CD? No thanks…

By Brad Thomason, CPA

 

A quick run by BankRate.com this afternoon shows that CDs still aren’t paying much.  One-year certificates are about a point, and even if you agree to go out as much as 5 years you still won’t get the rate up to 2%.

Most people need to hold some cash for liquidity purposes and the unexpected.  And a bank is a good, safe place to keep it.  But all too often we see people put money in the bank because they don’t have any ideas for a better place to put it.  When that happens, they become de facto CD investors, whether they meant to or not.  Even at today’s slowed economic pace, 1% a year is still not enough to keep up with the erosive effects of inflation.  In economic terms, putting your money in a CD is a money-losing exercise.  So once basic liquidity needs are met, it’s wise to limit the amount of money that is exposed in this manner.

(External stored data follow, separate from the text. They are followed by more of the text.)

lemma two_point_riesz_inequalities:
  fixes g1 g2 :: "'g::group_add" and a b :: complex and c :: "'g \<Rightarrow> complex"
  assumes "finite S"
  defines "y \<equiv> \<lambda>h. \<Sum>k\<in>S. c k * lreg k (two_point a g1 b g2) h"
  shows "(cmod a - cmod b)\<^sup>2 * (\<Sum>k\<in>S. (cmod (c k))\<^sup>2) \<le> (l2norm y)\<^sup>2 \<and>
    (l2norm y)\<^sup>2 \<le> (cmod a + cmod b)\<^sup>2 * (\<Sum>k\<in>S. (cmod (c k))\<^sup>2)"
proof -
  have L2: "(L2_set (\<lambda>k. cmod (c k)) S)\<^sup>2 = (\<Sum>k\<in>S. (cmod (c k))\<^sup>2)"
    by (simp add: L2_set_def sum_nonneg)
  have "\<bar>cmod a - cmod b\<bar> * L2_set (\<lambda>k. cmod (c k)) S \<le> l2norm y"
    and "l2norm y \<le> (cmod a + cmod b) * L2_set (\<lambda>k. cmod (c k)) S"
    unfolding y_def by (rule two_point_synthesis_bounds[OF assms(1)])+
  then have "(\<bar>cmod a - cmod b\<bar> * L2_set (\<lambda>k. cmod (c k)) S)\<^sup>2 \<le> (l2norm y)\<^sup>2"
    and "(l2norm y)\<^sup>2 \<le> ((cmod a + cmod b) * L2_set (\<lambda>k. cmod (c k)) S)\<^sup>2"
    by (auto intro!: power_mono)
  then show ?thesis by (simp add: power_mult_distrib L2)
qed

lemma geometric_telescope:
  fixes a b :: "'a::field"
  assumes "a \<noteq> 0" "\<And>n. p n = a * e n + b * e (Suc n)"
  shows "(\<Sum>n<N. ((- b / a) ^ n / a) * p n) = e 0 - (- b / a) ^ N * e N"
proof (induction N)
  case (Suc N)
  have "((- b / a) ^ N / a) * p N = (- b / a) ^ N * e N - (- b / a) ^ Suc N * e (Suc N)"
    using assms by (simp add: field_simps)
  with Suc show ?case by simp
qed simp

lemma delta_approx_by_two_point_translates:
  fixes g1 g2 g :: "'g::group_add"
  assumes "cmod b < cmod a" "0 < \<epsilon>"
  shows "\<exists>v\<in>fspan (\<lambda>k. lreg k (two_point a g1 b g2)).
    (\<lambda>i. delta g i - v i) \<in> ell2 \<and> l2norm (\<lambda>i. delta g i - v i) < \<epsilon>"
proof -
  have "a \<noteq> 0" using assms(1) by auto
  define q where "q = - b / a"
  have "cmod q < 1" using assms(1) \<open>a \<noteq> 0\<close> by (simp add: q_def norm_divide divide_less_eq)
  then obtain N where N: "cmod q ^ N < \<epsilon>" using real_arch_pow_inv[OF assms(2)] by blast
  define gs where "gs n = ((\<lambda>x. x + (- g1 + g2)) ^^ n) g" for n
  have step: "lreg (gs n - g1) (two_point a g1 b g2) = two_point a (gs n) b (gs (Suc n))" for n
    by (simp add: lreg_two_point gs_def flip: add.assoc)
  define v where "v i = (\<Sum>n<N. (q ^ n / a) * lreg (gs n - g1) (two_point a g1 b g2) i)" for i
  have "v \<in> fspan (\<lambda>k. lreg k (two_point a g1 b g2))"
    unfolding v_def[abs_def]
    by (rule fspan_sum) (simp, rule fspan_base[of _ "\<lambda>k. lreg k (two_point a g1 b g2)"])
  moreover have "(\<lambda>i. delta g i - v i) = (\<lambda>i. q ^ N * delta (gs N) i)"
  proof
    fix i
    have "v i = delta (gs 0) i - q ^ N * delta (gs N) i"
      unfolding v_def q_def
      by (rule geometric_telescope[OF \<open>a \<noteq> 0\<close>, where e = "\<lambda>n. delta (gs n) i"])
        (simp add: step)
    then show "delta g i - v i = q ^ N * delta (gs N) i"
      by (simp add: gs_def)
  qed
  moreover have "(\<lambda>i. q ^ N * delta (gs N) i) \<in> ell2"
    and "l2norm (\<lambda>i. q ^ N * delta (gs N) i) = cmod q ^ N"
    using ell2_finite_support[of "{gs N}" "\<lambda>i. q ^ N * delta (gs N) i"]
    by (simp_all add: delta_def norm_power)
  ultimately show ?thesis using N by (auto intro!: bexI[of _ v])
qed

lemma two_point_translates_dense:
  fixes g1 g2 :: "'g::group_add"
  assumes "cmod a \<noteq> cmod b" "x \<in> ell2" "0 < e"
  shows "\<exists>w\<in>fspan (\<lambda>k. lreg k (two_point a g1 b g2)). l2norm (\<lambda>i. x i - w i) < e"
proof (cases "cmod b < cmod a")
  case True
  show ?thesis
    by (rule fspan_dense_if_deltas_approx[OF assms(2,3)])
      (rule delta_approx_by_two_point_translates[OF True])
next
  case False
  then have "cmod a < cmod b" using assms(1) by linarith
  have "\<exists>w\<in>fspan (\<lambda>k. lreg k (two_point b g2 a g1)). l2norm (\<lambda>i. x i - w i) < e"
    by (rule fspan_dense_if_deltas_approx[OF assms(2,3)])
      (rule delta_approx_by_two_point_translates[OF \<open>cmod a < cmod b\<close>])
  moreover have "two_point b g2 a g1 = two_point a g1 b g2"
    by (simp add: add.commute)
  ultimately show ?thesis by simp
qed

Here are a couple of themes that we see people following for money that they don’t have an immediate need for.

 

Health Concerns?

Many retirees have cleared most of the major big-ticket expense items:  House is paid for, kids are educated and married off (the fact that weddings often cost enough to be considered a major financial event is probably a topic for another post some other time…), toys are accumulated, already have the car they want, etc.  But the question mark that’s still out there is the medical one.  Even if costs for illness, medication, doctor visits and hospital stays are covered, there’s a whole other category of costs that deal with ongoing care for chronic conditions.  These have to be paid for out of a separate bucket, and realistically speaking there’s no good way to budget for them ahead of time, simply because there’s no way to know how big the cumulative number will end up being.

Many people chose to “shift” this risk on to an insurance company in the form of buying a long-term care policy.  Even if the costs can’t be budgeted, premium payments can, they reason.  Going this route provides a level of protection and peace of mind.  But for some people, the cost of doing so is tough to take (even if they can afford it in a fiscal sense) because there’s always the chance they are paying for something they’ll never need (no one seems too upset that they wasted their money on car insurance when they don’t have a wreck, nor on homeowner’s when a tree doesn’t fall through the roof; but with LTC it seems to be perceived differently).

One alternative is a policy that’s set up to make available a pool of money if you need it for LTC purposes, but if not, the benefit gets paid out upon your death just like a conventional life insurance policy.  That way the coverage is there if you need it, but your family gets something back if you don’t.

 

Money you don’t need

Once you get the LTC piece covered, what if you still have money that you don’t expect to need; you know, the money that you will eventually leave to your family or favorite charity?  You may not want to put it at risk by investing it in something volatile, but maybe you don’t want it stuck in a CD either.  Is there anything you can do to keep it safe and get a better yield than what the bank pays.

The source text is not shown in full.